Вагоны трясло, как во время движения на стыках. Все это перемешалось с громом команд по радио и через рупоры, отчаянным лаем разъяренных уже охрипших собак и клацаньем затворов автоматов.
Внезапно по вагонам ударили автоматные очереди. Стреляли «под крыши». Человеческая масса в вагонах страшно охнула, и все стихло.
Наконец пломбы были сорваны, загремели засовы и двери с визгом сдвинулись в сторону. И сразу в вагоны вместе с мокрым, пропахшим мазутом воздухом ворвался ярчайший свет зенитных прожекторов. Он опрокинул мрак, ослепил и оглушил. Под его тяжестью люди вагонах сжались в огромный трепещущий ком, и тут же чужие крепкие руки проникли в вагоны и стали выдергивать евреев на платформу перрона.
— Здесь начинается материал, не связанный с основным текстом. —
lemma exists_supported_proposal_odd:
  fixes V :: "nat \<Rightarrow> nat \<Rightarrow> bool"
  assumes t: "t = 2 * m + 1"
    and columns: "\<forall>j<t. card {i. i < n \<and> \<not> V i j} \<le> card {i. i < n \<and> V i j}"
  shows "\<exists>Q\<subseteq>{..<t}. m + 1 \<le> card Q \<and> supported n t V (\<lambda>j. j \<in> Q)"
proof (rule ccontr)
  assume none: "\<not> ?thesis"
  define S where "S Q = card {i. i < n \<and> supports t (V i) (\<lambda>j. j \<in> Q)}" for Q
  define b where "b Q = 2 * int (card Q) - int t" for Q :: "nat set"
  have S_complement: "S ({..<t} - Q) + S Q = n" for Q
  proof -
    have "odd t"
      using t by simp
    have "S ({..<t} - Q) = card {i. i < n \<and> \<not> supports t (V i) (\<lambda>j. j \<in> Q)}"
      unfolding S_def supports_complement_iff[OF \<open>odd t\<close>] by (rule refl)
    then show ?thesis
      using card_filter_add_card_filter_not[of "{..<n}" "\<lambda>i. supports t (V i) (\<lambda>j. j \<in> Q)"]
      by (simp add: S_def)
  qed
  have negative: "b Q * (2 * int (S Q) - int n) < 0" if Q: "Q \<in> Pow {..<t}" for Q
  proof (cases "m + 1 \<le> card Q")
    case True
    then have "2 * S Q < n"
      using none Q by (auto simp: S_def supported_iff_double_card)
    then show ?thesis
      using True t by (simp add: b_def mult_pos_neg)
  next
    case False
    have "card ({..<t} - Q) = t - card Q"
      using Q by (simp add: card_Diff_subset finite_subset)
    then have "m + 1 \<le> card ({..<t} - Q)"
      using False t by simp
    then have "2 * S ({..<t} - Q) < n"
      using none by (auto simp: S_def supported_iff_double_card)
    then have "n < 2 * S Q"
      using S_complement[of Q] by simp
    then show ?thesis
      using False t by (simp add: b_def mult_neg_pos)
  qed
  have "(\<Sum>Q\<in>Pow {..<t}. b Q * (2 * int (S Q) - int n)) < (\<Sum>Q\<in>Pow {..<t}. 0)"
    using negative by (intro sum_strict_mono) auto
  moreover have "(\<Sum>Q\<in>Pow {..<t}. b Q * (2 * int (S Q) - int n))
      = 2 * (\<Sum>Q\<in>Pow {..<t}. b Q * int (S Q)) - int n * (\<Sum>Q\<in>Pow {..<t}. b Q)"
    by (simp add: algebra_simps sum_subtractf sum_distrib_left)
  moreover have "(\<Sum>Q\<in>Pow {..<t}. b Q) = 0"
    using sum_Pow_balance[of "{..<t}"] by (simp add: b_def)
  moreover have "0 \<le> (\<Sum>Q\<in>Pow {..<t}. b Q * int (S Q))"
    using sum_balance_mult_supporters[OF t, of n V] sum_row_balance_nonneg[OF columns]
    by (simp add: b_def S_def)
  ultimately show False
    by simp
qed
lemma merge_in_bits: "x \<in> bits U \<Longrightarrow> x' \<in> bits U \<Longrightarrow> \<alpha> \<subseteq> U \<Longrightarrow> merge \<alpha> x' x \<in> bits U"
  unfolding bits_def merge_def by (auto simp: PiE_iff extensional_def)

lemma sum_bits_merge:
  assumes "\<alpha> \<subseteq> U"
  shows "(\<Sum>x\<in>bits U. g x) = (\<Sum>a\<in>bits \<alpha>. \<Sum>c\<in>bits (U - \<alpha>). g (merge \<alpha> a c))"
proof -
  have "(\<Sum>x\<in>bits U. g x) = (\<Sum>(a, c)\<in>bits \<alpha> \<times> bits (U - \<alpha>). g (merge \<alpha> a c))"
  proof (rule sum.reindex_bij_witness[where i="\<lambda>(a, c). merge \<alpha> a c"
        and j="\<lambda>x. (restrict x \<alpha>, restrict x (U - \<alpha>))"])
    fix x assume "x \<in> bits U"
    then show "(\<lambda>(a, c). merge \<alpha> a c) (restrict x \<alpha>, restrict x (U - \<alpha>)) = x"
      using assms unfolding bits_def merge_def by (auto simp: PiE_iff extensional_def fun_eq_iff)
    then show "(\<lambda>(a, c). g (merge \<alpha> a c)) (restrict x \<alpha>, restrict x (U - \<alpha>)) = g x"
      by simp
    show "(restrict x \<alpha>, restrict x (U - \<alpha>)) \<in> bits \<alpha> \<times> bits (U - \<alpha>)"
      using \<open>x \<in> bits U\<close> assms by (simp add: restrict_in_bits)
  next
    fix ac assume "ac \<in> bits \<alpha> \<times> bits (U - \<alpha>)"
    then obtain a c where ac: "ac = (a, c)" "a \<in> bits \<alpha>" "c \<in> bits (U - \<alpha>)"
      by auto
    then show "(restrict ((\<lambda>(a, c). merge \<alpha> a c) ac) \<alpha>,
        restrict ((\<lambda>(a, c). merge \<alpha> a c) ac) (U - \<alpha>)) = ac"
      unfolding bits_def merge_def by (auto simp: PiE_iff extensional_def fun_eq_iff)
    show "(\<lambda>(a, c). merge \<alpha> a c) ac \<in> bits U"
      using ac assms unfolding bits_def merge_def by (auto simp: PiE_iff extensional_def)
  qed
  then show ?thesis
    by (simp add: sum.cartesian_product)
qed

lemma prod_indicator:
  "finite S \<Longrightarrow> (\<Prod>i\<in>S. if P i then 1 else 0 :: 'a :: comm_semiring_1) = (if \<forall>i\<in>S. P i then 1 else 0)"
  by (induction S rule: finite_induct) auto

lemma pure_state_sum:
  assumes "pure_state n \<psi>"
  shows "(\<Sum>x\<in>bits {1..n}. \<psi> x * cnj (\<psi> x)) = 1"
proof -
  have "complex_of_real (\<Sum>x\<in>bits {1..n}. (cmod (\<psi> x))\<^sup>2) = 1"
    using assms unfolding pure_state_def by simp
  then show ?thesis
    unfolding of_real_sum complex_norm_square .
qed

definition sic_trace :: "nat \<Rightarrow> ((nat \<Rightarrow> nat) \<Rightarrow> complex) \<Rightarrow> (nat \<Rightarrow> nat \<Rightarrow> complex)
    \<Rightarrow> nat set \<Rightarrow> (nat \<Rightarrow> nat) \<Rightarrow> complex" where
  "sic_trace n \<psi> \<phi> S q = (\<Sum>x\<in>bits {1..n}. \<Sum>y\<in>bits {1..n}.
      (\<psi> x * cnj (\<psi> y)) *
      ((\<Prod>i\<in>S. povm_elem \<phi> (q i) (y i) (x i)) *
       (if \<forall>i\<in>{1..n} - S. y i = x i then 1 else 0)))"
Люди инстинктивно цеплялись друг за друга, и тогда на платформу валились целые окровавленные комья тел.
К вагонам приставили сходни, и оставшиеся в них под вопли охраны и лай собак бегом спускались на землю. Только оказавшись на земле, евреи рассмотрели, что вышвыривали их из вагонов люди в чудовищных каторжных робах.
Эсэсовцы на перроне были не на шутку удивлены. Вышвырнутые на перрон евреи – не по сезону легко одеты: мужчины в летних пиджаках, а женщины в туфельках. Многие в рабочих спецовках и грубых башмаках. И – ни одного чемодана, баула, рюкзака…
Обычно из Европы евреи привозили с собой полные вагоны чемоданов, узлов, дорожных сумок, дамских сумочек и сундуков, битком набитых пледами, одеялами, ворохами одежды, всякой домашней всячиной и даже драгоценностями. Тут же на перроне образовывались горы багажа, из которого вываливались банки с мармеладом и ветчиной, наручные золотые часы, свертки с колбасой, пакеты с сахаром, галстуки и запонки, и очень много буханок хлеба. Все это незамедлительно попадало в руки служителей «канады», как в Аушвице называли хозяйственную часть.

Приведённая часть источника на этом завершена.